The flooding risk in Oreland is real and documented. Springfield Township has an active stormwater infrastructure project specifically addressing water intrusion in the Burton Road area, involving a detention basin on the Sandy Run Country Club grounds. Whether the source is a burst pipe in a harsh Montgomery County winter, spring storm runoff, or basement seepage from the Wissahickon watershed, the response process is the same: get the water out, test the materials, abate what needs to be abated, and gut what can’t be saved. We handle all of it. We’re available around the clock for emergency response, because water damage doesn’t wait for Monday morning.
This distinction matters more than most homeowners realize. An EPA Renovation, Repair, and Painting (RRP) certified contractor is trained to follow lead-safe work practices during renovation — things like containment, cleanup procedures, and basic testing using swabs. It’s the baseline credential that any contractor working on a pre-1978 home is required to hold. It does not authorize them to formally inspect, assess, or certify lead conditions in your home.
An EPA Certified Lead Inspector and Risk Assessor — the designation we hold — is a higher-level federal credential that authorizes the holder to conduct full lead inspections, collect and analyze samples, assess risk levels throughout the property, and produce legally recognized documentation of the findings. That documentation matters significantly if you’re selling your home, dealing with a lender who requires lead clearance, or working on a property subject to HUD guidelines. In Oreland’s competitive real estate market, where homes are frequently bought and renovated for resale, having that certified documentation can be the difference between a clean transaction and a delayed closing.

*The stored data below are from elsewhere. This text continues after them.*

lemma Xi_integrand_subst:
  assumes b: "-pi/2 < b" "b < 0" and x: "-pi/2 < x" "x < pi/2"
  shows "Xi_integrand b (Xi_subst b x) * Xi_subst_deriv b x = Xi_kernel b x / (cos b)^2"
proof -
  have "cos b > 0" using b by (intro cos_gt_zero_pi) auto
  moreover have "sin b < 0" using b sin_gt_zero[of "-b"] by simp
  moreover have "cos x > 0" using x by (intro cos_gt_zero_pi) auto
  moreover have "tan (-b) = - sin b / cos b" by (simp add: tan_def)
  ultimately show ?thesis
    using arctan_substitution_identity[of "sin b" "cos b" "cos x" "sin x"]
    by (simp add: Xi_integrand_def Xi_subst_def Xi_subst_deriv_def Xi_kernel_def cos_arctan)
qed

lemma sin_cos_product_sq_le_one: "(sin b * cos x)^2 \<le> (1 :: real)"
proof -
  have "\<bar>sin b * cos x\<bar> \<le> 1" by (simp add: abs_mult mult_le_one)
  then show ?thesis by (metis abs_ge_zero power2_abs power_le_one)
qed

(* The kernel is jointly continuous, since its denominator 2 - (sin b cos x)^2 is at least 1. *)
lemma Xi_kernel_continuous: "continuous_on UNIV (\<lambda>z. Xi_kernel (fst z) (snd z))"
proof -
  have "2 - (sin b * cos x)^2 \<noteq> 0" for b x :: real
    using sin_cos_product_sq_le_one[of b x] by linarith
  then show ?thesis
    unfolding Xi_kernel_def by (intro continuous_intros) auto
qed

lemma Xi_kernel_continuous_in_x: "continuous_on A (Xi_kernel b)"
proof -
  have "continuous_on A ((\<lambda>z. Xi_kernel (fst z) (snd z)) \<circ> (\<lambda>x. (b, x)))"
    by (intro continuous_on_compose continuous_intros continuous_on_subset[OF Xi_kernel_continuous])
       auto
  then show ?thesis by (simp add: o_def)
qed

(* One-sided limits at the endpoints in the extended-real form the substitution rule expects. *)
lemma ereal_one_sided_tendsto:
  fixes g :: "real \<Rightarrow> real"
  assumes "isCont g a"
  shows "((ereal \<circ> g \<circ> real_of_ereal) \<longlongrightarrow> ereal (g a)) (at_right (ereal a))"
    and "((ereal \<circ> g \<circ> real_of_ereal) \<longlongrightarrow> ereal (g a)) (at_left (ereal a))"
proof -
  have "(g \<longlongrightarrow> g a) (at a)" using assms by (simp add: isCont_def)
  then have "(g \<longlongrightarrow> g a) (at_right a)" "(g \<longlongrightarrow> g a) (at_left a)"
    using filterlim_at_split by blast+
  then show "((ereal \<circ> g \<circ> real_of_ereal) \<longlongrightarrow> ereal (g a)) (at_right (ereal a))"
    "((ereal \<circ> g \<circ> real_of_ereal) \<longlongrightarrow> ereal (g a)) (at_left (ereal a))"
    by (simp_all add: ereal_tendsto_simps)
qed

lemma Xi_eq_Xi_ext:
  assumes b: "-pi/2 < b" "b < 0"
  shows "Xi b = Xi_ext b"
proof -
  let ?g = "Xi_subst b" and ?g' = "Xi_subst_deriv b" and ?f = "Xi_integrand b"
  have cb: "cos b > 0" using b by (intro cos_gt_zero_pi) auto
  have on_interval: "?f (?g x) * ?g' x = Xi_kernel b x / (cos b)^2"
    if "x \<in> {-pi/2<..<pi/2}" for x
    using Xi_integrand_subst[OF b] that by auto
  have "set_integrable lborel {-pi/2..pi/2} (\<lambda>x. Xi_kernel b x / (cos b)^2)"
    using cb by (intro borel_integrable_atLeastAtMost' continuous_intros Xi_kernel_continuous_in_x)
      auto
  then have "set_integrable lborel {-pi/2<..<pi/2} (\<lambda>x. Xi_kernel b x / (cos b)^2)"
    by (rule set_integrable_subset) auto
  then have integrable: "set_integrable lborel (einterval (-pi/2) (pi/2)) (\<lambda>x. ?f (?g x) * ?g' x)"
    by (subst set_integrable_cong[where f' = "\<lambda>x. Xi_kernel b x / (cos b)^2"])
       (auto simp: on_interval)
  have "((ereal \<circ> ?g \<circ> real_of_ereal) \<longlongrightarrow> ereal b) (at_right (ereal (-pi/2)))"
    "((ereal \<circ> ?g \<circ> real_of_ereal) \<longlongrightarrow> ereal (-b)) (at_left (ereal (pi/2)))"
    using ereal_one_sided_tendsto(1)[OF Xi_subst_continuous[where b = b and x = "-pi/2"]]
      ereal_one_sided_tendsto(2)[OF Xi_subst_continuous[where b = b and x = "pi/2"]]
    unfolding Xi_subst_endpoints[OF b] .
  then have "(LBINT \<phi>=ereal b..ereal (-b). ?f \<phi>)
             = (LBINT x=ereal (-pi/2)..ereal (pi/2). ?f (?g x) * ?g' x)"
    using Xi_subst_range[OF b] Xi_integrand_regular[OF b(1)] Xi_subst_deriv_nonneg[OF b] integrable
    by (intro interval_integral_substitution_nonneg(2))
       (auto intro: Xi_subst_has_derivative Xi_subst_deriv_continuous)
  also have "\<dots> = integral {-pi/2<..<pi/2} (\<lambda>x. ?f (?g x) * ?g' x)"
    using integrable by (subst interval_integral_eq_integral') auto
  also have "\<dots> = integral {-pi/2<..<pi/2} (\<lambda>x. Xi_kernel b x / (cos b)^2)"
    by (rule integral_cong) (rule on_interval)
  also have "\<dots> = Xi_ext b / (cos b)^2"
    by (simp add: Xi_ext_def integral_open_interval_real[symmetric])
  finally show ?thesis
    using cb by (simp add: Xi_def Xi_integrand_def[abs_def])
qed

lemma Xi_ext_continuous: "continuous_on UNIV Xi_ext"
proof -
  have "continuous_on UNIV (\<lambda>b. integral (cbox (-pi/2) (pi/2)) (Xi_kernel b))"
    by (rule integral_continuous_on_param)
       (use continuous_on_subset[OF Xi_kernel_continuous] in \<open>auto simp: case_prod_beta\<close>)
  then show ?thesis by (simp add: Xi_ext_def)
qed

lemma sqrt_ratio_strict_antimono:
  fixes u v :: real
  assumes "0 \<le> v" "v < u" "u \<le> 1"
  shows "sqrt ((1 - u) / (2 - u)) < sqrt ((1 - v) / (2 - v))"
  using assms by (simp add: field_simps)

(* Pointwise monotonicity of the kernel: on (-pi/2, 0), larger b means smaller (sin b)^2. *)
lemma Xi_kernel_strict_mono:
  assumes r: "-pi/2 < r" and rs: "r < s" "s < 0" and x: "-pi/2 < x" "x < pi/2"
  shows "Xi_kernel r x < Xi_kernel s x"
proof -
  have "sin r < sin s" using r rs by (subst sin_mono_less_eq) auto
  moreover have "cos x > 0" using x by (intro cos_gt_zero_pi) auto
  ultimately have "sin r * cos x < sin s * cos x" by (rule mult_strict_right_mono)
  moreover have "sin s * cos x < 0"
    using sin_gt_zero[of "-s"] r rs \<open>cos x > 0\<close> by (intro mult_neg_pos) auto
  ultimately have "(- (sin s * cos x))^2 < (- (sin r * cos x))^2"
    by (intro power_strict_mono) (auto simp: mult_neg_pos)
  then show ?thesis
    using sin_cos_product_sq_le_one[of r x]
    unfolding Xi_kernel_def by (intro sqrt_ratio_strict_antimono) auto
qed

(* Integrating a strict pointwise inequality of continuous functions gives a strict one. *)
lemma Xi_ext_strict_mono: "strict_mono_on {-pi/2<..<0} Xi_ext"
proof (rule strict_mono_onI)
  fix r s :: real
  assume "r \<in> {-pi/2<..<0}" "s \<in> {-pi/2<..<0}" "r < s"
  then show "Xi_ext r < Xi_ext s"
    unfolding Xi_ext_def using pi_gt_zero
    by (intro integral_less_real Xi_kernel_continuous_in_x Xi_kernel_strict_mono) auto
qed

(* At b = 0 the kernel is the constant 1 / sqrt 2. *)
lemma Xi_ext_at_zero: "Xi_ext 0 = sqrt 2 / 2 * pi"
proof -
  have "Xi_ext 0 = pi * sqrt (1/2)" unfolding Xi_ext_def Xi_kernel_def by simp
  also have "sqrt (1/2 :: real) = sqrt 2 / 2" by (simp add: real_sqrt_divide field_simps)
  finally show ?thesis by simp
qed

Timeline depends on the scope of the project and what’s found during the initial assessment. A straightforward interior gut of a single room in a home with no hazardous materials can move quickly — sometimes within a day or two. But in Oreland, where the housing stock is predominantly pre-1978, it’s realistic to plan for an additional phase before demolition begins if asbestos or lead materials are identified.
Abatement timelines vary based on the quantity and type of material involved. Minor lead paint abatement on a contained surface is a different scope than removing asbestos floor tiles throughout an entire lower level. We walk you through the realistic timeline during the free estimate, before any work begins, so you can plan your renovation schedule accordingly. If you’re working against a contractor start date or a real estate closing deadline, tell us upfront — we factor that into the plan. Emergency response situations are handled on an expedited basis, with 24/7 availability for urgent calls.
Yes, cash discounts are available for qualifying projects in Oreland. The reason is straightforward: payment processing fees are a real cost in any service business, and when a project is paid in cash, those savings can be passed directly to the customer rather than absorbed into overhead. It’s not a gimmick — it’s just an honest way to price work for homeowners who have that flexibility.
For Oreland homeowners managing renovation budgets on homes valued at $400,000 or more, every line item matters. A gut renovation on a mid-century home in the Oreland Subdivision or a Custis Woods colonial involves real costs — testing, abatement, demolition, debris removal, permits — and the cash discount is one concrete way to reduce the total. When you call for your free estimate, ask about cash pricing for your specific scope of work. We’ll give you a straight answer on what applies and what it saves you.